Where a line holds the word "thesis", copy it from the records.

Dataset records »

□ □ □ □ □

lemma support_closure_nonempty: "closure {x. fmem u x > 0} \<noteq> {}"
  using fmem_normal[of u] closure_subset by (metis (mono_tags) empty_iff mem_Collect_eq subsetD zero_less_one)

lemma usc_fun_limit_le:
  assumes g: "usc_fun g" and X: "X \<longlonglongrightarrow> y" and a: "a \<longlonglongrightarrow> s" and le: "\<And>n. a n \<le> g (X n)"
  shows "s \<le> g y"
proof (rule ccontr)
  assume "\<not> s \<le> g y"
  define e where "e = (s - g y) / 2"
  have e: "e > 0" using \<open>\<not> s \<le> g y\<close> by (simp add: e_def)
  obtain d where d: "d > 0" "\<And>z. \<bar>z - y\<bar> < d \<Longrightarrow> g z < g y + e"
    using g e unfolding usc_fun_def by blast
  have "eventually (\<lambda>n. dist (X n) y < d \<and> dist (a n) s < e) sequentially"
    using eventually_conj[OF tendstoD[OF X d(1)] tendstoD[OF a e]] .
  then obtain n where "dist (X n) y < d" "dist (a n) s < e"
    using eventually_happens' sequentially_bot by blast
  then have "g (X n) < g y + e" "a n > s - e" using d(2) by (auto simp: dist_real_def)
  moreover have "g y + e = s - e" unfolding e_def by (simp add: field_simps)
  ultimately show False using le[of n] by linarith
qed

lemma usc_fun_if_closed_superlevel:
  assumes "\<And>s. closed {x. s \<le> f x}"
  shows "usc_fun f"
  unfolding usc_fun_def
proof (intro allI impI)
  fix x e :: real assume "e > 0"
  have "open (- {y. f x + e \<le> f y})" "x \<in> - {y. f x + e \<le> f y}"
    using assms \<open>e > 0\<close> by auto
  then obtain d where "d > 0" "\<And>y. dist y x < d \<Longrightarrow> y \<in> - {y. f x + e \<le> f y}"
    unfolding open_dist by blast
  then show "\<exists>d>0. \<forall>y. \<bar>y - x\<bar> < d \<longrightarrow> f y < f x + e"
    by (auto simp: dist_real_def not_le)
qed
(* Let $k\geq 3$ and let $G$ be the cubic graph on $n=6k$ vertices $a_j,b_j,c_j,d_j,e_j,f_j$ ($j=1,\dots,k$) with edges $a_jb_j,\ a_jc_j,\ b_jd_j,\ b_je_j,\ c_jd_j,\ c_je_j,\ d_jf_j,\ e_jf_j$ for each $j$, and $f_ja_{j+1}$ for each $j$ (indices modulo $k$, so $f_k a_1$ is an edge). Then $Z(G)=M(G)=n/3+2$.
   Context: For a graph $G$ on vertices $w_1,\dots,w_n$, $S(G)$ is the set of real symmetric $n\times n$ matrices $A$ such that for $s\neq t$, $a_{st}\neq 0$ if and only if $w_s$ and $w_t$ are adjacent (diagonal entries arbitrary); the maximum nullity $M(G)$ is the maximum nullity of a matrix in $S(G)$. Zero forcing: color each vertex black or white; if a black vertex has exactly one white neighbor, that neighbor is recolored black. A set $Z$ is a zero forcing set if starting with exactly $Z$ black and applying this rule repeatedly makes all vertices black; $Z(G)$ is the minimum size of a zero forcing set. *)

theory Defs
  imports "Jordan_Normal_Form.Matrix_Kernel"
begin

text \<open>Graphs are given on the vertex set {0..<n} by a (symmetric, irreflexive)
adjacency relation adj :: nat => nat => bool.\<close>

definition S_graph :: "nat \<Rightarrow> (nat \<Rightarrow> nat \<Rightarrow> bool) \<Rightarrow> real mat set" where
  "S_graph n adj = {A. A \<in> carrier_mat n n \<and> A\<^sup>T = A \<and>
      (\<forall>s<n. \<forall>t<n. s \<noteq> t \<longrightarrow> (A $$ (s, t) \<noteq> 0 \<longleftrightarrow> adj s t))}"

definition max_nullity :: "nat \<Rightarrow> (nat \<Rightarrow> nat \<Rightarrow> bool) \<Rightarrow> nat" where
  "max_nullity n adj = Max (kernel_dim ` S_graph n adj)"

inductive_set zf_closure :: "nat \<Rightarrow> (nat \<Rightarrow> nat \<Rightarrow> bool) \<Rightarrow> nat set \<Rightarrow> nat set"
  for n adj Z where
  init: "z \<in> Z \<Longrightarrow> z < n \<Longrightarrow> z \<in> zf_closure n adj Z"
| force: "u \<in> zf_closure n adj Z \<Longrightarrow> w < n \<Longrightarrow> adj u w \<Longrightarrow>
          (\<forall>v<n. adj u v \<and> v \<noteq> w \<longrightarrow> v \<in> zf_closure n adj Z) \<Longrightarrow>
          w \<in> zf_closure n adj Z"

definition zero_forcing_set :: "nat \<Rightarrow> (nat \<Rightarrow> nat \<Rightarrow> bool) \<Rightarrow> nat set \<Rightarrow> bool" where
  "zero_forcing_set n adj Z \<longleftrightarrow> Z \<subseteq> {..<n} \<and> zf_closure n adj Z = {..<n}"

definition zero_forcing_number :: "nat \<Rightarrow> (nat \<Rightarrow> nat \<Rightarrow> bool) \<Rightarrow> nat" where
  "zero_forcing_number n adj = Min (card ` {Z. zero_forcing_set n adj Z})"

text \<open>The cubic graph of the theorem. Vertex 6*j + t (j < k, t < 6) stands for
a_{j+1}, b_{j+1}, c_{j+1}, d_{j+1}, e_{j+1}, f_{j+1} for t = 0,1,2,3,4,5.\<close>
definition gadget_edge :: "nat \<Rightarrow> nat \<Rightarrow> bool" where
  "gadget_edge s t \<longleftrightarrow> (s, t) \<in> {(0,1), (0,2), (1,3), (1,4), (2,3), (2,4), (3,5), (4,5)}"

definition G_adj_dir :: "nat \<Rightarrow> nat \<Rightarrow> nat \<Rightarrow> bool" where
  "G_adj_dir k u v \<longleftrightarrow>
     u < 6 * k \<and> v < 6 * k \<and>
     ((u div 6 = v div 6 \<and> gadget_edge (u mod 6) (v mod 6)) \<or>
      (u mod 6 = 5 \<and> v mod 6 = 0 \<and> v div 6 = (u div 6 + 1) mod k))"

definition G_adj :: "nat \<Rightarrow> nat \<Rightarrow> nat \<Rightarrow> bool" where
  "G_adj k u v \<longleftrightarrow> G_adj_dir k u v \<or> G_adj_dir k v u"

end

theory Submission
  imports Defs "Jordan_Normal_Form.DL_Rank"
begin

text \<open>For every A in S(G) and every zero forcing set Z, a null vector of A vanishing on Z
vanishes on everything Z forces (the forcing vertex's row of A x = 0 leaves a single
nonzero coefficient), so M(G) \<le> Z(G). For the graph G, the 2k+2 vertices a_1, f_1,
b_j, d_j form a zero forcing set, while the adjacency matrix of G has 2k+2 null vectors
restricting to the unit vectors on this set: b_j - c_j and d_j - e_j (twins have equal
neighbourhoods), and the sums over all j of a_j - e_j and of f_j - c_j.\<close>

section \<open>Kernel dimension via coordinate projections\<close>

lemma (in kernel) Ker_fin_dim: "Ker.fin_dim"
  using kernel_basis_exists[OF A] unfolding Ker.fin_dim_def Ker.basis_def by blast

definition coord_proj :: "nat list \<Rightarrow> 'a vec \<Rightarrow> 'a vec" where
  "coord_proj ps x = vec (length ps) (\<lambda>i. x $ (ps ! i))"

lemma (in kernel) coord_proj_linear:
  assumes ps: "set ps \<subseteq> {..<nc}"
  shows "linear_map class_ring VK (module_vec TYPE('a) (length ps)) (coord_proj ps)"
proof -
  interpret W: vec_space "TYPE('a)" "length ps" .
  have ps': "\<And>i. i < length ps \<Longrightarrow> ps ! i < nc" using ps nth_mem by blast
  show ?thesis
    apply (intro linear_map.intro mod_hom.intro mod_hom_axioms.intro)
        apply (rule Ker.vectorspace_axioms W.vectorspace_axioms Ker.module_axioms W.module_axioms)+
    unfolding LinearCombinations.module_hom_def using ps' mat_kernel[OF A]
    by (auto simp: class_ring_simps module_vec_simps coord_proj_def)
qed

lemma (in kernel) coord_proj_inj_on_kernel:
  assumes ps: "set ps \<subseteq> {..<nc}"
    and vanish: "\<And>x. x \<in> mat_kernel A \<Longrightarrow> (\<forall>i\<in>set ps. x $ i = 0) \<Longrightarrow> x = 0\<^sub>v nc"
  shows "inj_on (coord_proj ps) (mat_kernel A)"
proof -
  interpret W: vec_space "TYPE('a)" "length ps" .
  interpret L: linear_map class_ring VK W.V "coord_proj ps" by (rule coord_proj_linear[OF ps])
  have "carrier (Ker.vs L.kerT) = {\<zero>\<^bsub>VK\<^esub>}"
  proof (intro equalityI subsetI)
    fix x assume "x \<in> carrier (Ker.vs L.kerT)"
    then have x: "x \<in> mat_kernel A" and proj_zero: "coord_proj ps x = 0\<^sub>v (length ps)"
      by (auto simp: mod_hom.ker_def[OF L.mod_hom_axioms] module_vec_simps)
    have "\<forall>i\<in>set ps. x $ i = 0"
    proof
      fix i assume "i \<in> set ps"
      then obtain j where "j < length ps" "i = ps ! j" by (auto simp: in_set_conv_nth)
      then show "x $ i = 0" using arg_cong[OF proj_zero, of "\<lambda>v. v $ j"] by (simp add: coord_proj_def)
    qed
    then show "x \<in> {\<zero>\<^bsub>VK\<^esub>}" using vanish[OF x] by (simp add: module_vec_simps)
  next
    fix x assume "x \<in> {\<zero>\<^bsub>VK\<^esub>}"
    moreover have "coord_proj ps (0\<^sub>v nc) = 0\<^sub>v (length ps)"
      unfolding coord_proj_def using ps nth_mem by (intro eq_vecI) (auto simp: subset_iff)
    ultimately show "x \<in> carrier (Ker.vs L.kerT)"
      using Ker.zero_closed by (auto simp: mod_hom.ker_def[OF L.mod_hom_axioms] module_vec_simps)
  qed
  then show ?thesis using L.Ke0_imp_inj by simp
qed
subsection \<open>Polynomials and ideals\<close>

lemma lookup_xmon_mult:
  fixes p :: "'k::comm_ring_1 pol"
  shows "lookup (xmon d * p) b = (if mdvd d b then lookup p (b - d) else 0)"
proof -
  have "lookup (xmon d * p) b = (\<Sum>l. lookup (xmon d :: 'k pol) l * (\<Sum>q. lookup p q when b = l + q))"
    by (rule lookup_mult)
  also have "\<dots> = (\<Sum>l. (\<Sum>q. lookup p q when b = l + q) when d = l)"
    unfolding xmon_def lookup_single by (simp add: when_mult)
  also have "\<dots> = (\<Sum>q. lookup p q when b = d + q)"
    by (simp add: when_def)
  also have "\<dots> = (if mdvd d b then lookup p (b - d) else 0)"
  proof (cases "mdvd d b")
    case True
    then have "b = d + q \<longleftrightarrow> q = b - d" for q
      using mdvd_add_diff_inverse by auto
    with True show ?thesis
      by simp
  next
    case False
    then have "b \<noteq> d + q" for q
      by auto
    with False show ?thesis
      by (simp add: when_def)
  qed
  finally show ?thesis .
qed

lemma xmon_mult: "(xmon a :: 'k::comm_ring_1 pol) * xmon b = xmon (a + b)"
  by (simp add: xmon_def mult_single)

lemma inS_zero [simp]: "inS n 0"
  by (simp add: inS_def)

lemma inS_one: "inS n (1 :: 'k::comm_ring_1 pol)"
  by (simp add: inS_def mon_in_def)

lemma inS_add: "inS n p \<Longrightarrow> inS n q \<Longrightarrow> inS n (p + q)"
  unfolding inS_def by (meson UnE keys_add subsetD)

□ □ □ □ □

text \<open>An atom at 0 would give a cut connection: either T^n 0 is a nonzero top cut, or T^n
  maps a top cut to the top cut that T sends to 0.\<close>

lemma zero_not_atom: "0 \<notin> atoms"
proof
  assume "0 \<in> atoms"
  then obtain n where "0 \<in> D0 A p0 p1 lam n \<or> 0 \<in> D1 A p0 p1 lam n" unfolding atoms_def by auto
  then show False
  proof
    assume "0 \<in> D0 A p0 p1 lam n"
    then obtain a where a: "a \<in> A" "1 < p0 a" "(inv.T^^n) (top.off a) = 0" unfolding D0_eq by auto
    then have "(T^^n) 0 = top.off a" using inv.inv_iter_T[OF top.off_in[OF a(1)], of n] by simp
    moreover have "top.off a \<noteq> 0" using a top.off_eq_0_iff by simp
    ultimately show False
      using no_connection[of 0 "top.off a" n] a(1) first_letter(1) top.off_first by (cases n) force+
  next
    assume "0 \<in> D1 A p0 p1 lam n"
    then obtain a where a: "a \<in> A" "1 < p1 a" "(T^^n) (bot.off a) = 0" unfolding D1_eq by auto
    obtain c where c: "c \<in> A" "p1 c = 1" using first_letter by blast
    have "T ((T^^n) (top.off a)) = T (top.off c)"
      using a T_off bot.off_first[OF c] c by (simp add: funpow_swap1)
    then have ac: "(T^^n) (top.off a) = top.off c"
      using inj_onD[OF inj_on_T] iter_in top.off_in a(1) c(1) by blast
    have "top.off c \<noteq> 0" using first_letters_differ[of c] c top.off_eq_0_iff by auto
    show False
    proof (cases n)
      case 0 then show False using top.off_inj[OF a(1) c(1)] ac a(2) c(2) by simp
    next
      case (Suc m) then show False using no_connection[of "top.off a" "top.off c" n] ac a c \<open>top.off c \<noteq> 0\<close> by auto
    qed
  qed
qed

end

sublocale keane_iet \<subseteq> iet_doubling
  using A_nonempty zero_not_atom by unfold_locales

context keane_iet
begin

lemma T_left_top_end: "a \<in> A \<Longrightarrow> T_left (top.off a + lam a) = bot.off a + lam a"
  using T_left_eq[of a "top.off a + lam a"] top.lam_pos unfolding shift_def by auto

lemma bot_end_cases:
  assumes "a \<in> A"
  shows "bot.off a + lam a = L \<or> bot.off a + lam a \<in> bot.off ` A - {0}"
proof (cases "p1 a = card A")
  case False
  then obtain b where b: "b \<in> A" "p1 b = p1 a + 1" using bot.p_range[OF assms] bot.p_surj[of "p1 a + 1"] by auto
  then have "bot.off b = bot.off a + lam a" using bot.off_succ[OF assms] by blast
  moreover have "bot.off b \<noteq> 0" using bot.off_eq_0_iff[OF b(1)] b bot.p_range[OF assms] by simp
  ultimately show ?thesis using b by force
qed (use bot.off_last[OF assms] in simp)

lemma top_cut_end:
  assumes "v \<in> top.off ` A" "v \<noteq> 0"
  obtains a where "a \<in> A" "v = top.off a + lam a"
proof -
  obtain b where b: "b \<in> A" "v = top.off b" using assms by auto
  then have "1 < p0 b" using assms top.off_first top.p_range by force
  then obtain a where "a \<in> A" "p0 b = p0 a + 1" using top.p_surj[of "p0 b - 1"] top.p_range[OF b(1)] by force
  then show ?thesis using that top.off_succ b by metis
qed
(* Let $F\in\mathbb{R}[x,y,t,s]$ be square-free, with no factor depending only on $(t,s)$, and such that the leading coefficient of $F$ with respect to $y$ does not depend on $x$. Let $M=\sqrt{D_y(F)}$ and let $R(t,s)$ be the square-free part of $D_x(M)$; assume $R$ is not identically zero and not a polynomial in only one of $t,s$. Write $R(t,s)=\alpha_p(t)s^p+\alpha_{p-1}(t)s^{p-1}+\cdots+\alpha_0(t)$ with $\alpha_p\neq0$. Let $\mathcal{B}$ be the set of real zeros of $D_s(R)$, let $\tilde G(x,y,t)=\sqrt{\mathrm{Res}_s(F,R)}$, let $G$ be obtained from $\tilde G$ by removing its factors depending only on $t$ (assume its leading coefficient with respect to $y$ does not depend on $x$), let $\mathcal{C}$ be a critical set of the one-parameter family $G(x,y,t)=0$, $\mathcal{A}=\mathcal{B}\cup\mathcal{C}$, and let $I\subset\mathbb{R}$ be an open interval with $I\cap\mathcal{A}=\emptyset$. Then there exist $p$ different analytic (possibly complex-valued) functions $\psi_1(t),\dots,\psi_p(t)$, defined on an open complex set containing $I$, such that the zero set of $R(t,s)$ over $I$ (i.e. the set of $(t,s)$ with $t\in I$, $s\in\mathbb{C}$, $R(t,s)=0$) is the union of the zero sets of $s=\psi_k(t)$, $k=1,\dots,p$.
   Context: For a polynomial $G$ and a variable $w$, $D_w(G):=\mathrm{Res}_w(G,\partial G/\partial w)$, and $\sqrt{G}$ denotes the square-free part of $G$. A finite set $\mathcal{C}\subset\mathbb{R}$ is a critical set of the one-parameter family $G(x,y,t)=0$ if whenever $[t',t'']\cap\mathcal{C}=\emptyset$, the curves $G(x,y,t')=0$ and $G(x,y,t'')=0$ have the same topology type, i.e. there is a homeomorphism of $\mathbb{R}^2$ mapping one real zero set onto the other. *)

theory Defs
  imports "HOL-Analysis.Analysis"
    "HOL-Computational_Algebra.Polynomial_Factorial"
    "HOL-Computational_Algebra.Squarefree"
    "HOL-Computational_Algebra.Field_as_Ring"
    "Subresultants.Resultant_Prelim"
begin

□ □ □ □ □

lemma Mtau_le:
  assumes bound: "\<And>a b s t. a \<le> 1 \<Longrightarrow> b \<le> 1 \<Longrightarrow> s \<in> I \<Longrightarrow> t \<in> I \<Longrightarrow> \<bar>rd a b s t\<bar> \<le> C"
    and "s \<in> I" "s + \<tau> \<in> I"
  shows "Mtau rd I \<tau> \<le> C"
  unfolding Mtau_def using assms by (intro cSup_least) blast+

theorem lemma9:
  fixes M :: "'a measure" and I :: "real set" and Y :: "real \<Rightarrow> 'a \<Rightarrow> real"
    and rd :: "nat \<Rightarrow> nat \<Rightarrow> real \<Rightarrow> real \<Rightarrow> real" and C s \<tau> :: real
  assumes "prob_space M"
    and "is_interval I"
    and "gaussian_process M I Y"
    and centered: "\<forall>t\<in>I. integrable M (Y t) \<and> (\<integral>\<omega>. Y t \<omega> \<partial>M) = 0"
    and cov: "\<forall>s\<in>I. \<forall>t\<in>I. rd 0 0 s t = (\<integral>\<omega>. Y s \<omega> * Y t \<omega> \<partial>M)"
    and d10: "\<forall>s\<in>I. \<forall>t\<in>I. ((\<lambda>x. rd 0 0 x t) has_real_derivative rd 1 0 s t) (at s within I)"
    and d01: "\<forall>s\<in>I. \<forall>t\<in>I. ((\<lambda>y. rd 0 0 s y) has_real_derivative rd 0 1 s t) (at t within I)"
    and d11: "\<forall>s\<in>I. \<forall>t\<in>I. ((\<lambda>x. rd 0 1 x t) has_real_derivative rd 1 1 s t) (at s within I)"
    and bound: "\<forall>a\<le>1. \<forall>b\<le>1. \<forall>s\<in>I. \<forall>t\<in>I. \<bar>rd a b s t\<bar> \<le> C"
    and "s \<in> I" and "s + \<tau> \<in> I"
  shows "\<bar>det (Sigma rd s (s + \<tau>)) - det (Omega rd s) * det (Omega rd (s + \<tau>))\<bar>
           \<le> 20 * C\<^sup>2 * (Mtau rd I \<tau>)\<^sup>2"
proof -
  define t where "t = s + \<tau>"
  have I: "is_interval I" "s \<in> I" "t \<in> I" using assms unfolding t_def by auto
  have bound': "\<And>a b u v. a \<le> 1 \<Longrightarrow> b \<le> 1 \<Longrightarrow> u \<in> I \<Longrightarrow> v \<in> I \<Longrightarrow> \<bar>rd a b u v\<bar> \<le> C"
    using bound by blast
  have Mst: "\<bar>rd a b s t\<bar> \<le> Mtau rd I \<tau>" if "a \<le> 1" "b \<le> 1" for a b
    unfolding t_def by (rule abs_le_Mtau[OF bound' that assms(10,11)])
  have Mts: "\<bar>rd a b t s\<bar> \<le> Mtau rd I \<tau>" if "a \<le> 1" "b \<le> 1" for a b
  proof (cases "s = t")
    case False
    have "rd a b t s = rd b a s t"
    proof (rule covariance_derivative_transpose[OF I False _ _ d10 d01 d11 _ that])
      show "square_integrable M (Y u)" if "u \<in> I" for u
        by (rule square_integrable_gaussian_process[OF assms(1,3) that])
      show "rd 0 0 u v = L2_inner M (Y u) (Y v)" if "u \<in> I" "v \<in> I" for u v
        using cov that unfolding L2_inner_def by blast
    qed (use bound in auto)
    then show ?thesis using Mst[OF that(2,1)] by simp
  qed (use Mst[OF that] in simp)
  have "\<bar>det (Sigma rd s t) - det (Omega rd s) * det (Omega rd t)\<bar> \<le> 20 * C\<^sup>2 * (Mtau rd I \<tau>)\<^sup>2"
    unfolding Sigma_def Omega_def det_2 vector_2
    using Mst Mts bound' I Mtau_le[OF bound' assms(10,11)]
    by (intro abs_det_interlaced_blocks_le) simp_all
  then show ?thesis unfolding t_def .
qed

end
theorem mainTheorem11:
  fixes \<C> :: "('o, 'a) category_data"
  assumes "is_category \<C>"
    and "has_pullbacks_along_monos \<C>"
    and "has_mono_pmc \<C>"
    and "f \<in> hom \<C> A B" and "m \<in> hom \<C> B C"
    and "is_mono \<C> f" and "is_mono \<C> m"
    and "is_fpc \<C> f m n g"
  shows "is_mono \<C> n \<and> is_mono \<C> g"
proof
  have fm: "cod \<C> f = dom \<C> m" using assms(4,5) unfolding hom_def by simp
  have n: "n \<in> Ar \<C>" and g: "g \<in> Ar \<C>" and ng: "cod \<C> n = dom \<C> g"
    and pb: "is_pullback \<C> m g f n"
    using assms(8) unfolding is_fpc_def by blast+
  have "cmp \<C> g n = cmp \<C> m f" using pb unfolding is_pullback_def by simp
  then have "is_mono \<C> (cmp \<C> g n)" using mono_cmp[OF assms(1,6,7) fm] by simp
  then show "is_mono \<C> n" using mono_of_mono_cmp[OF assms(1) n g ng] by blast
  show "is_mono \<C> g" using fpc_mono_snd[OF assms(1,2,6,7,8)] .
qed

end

□ □ □ □ □

Response »
  show ?thesis
  then show ?thesis using L.Ke0_imp_inj by simp
    with True show ?thesis
    with False show ?thesis
  finally show ?thesis .
  ultimately show ?thesis using b by force
  then show ?thesis using that top.off_succ b by metis
    then show ?thesis using Mst[OF that(2,1)] by simp
  then show ?thesis unfolding t_def .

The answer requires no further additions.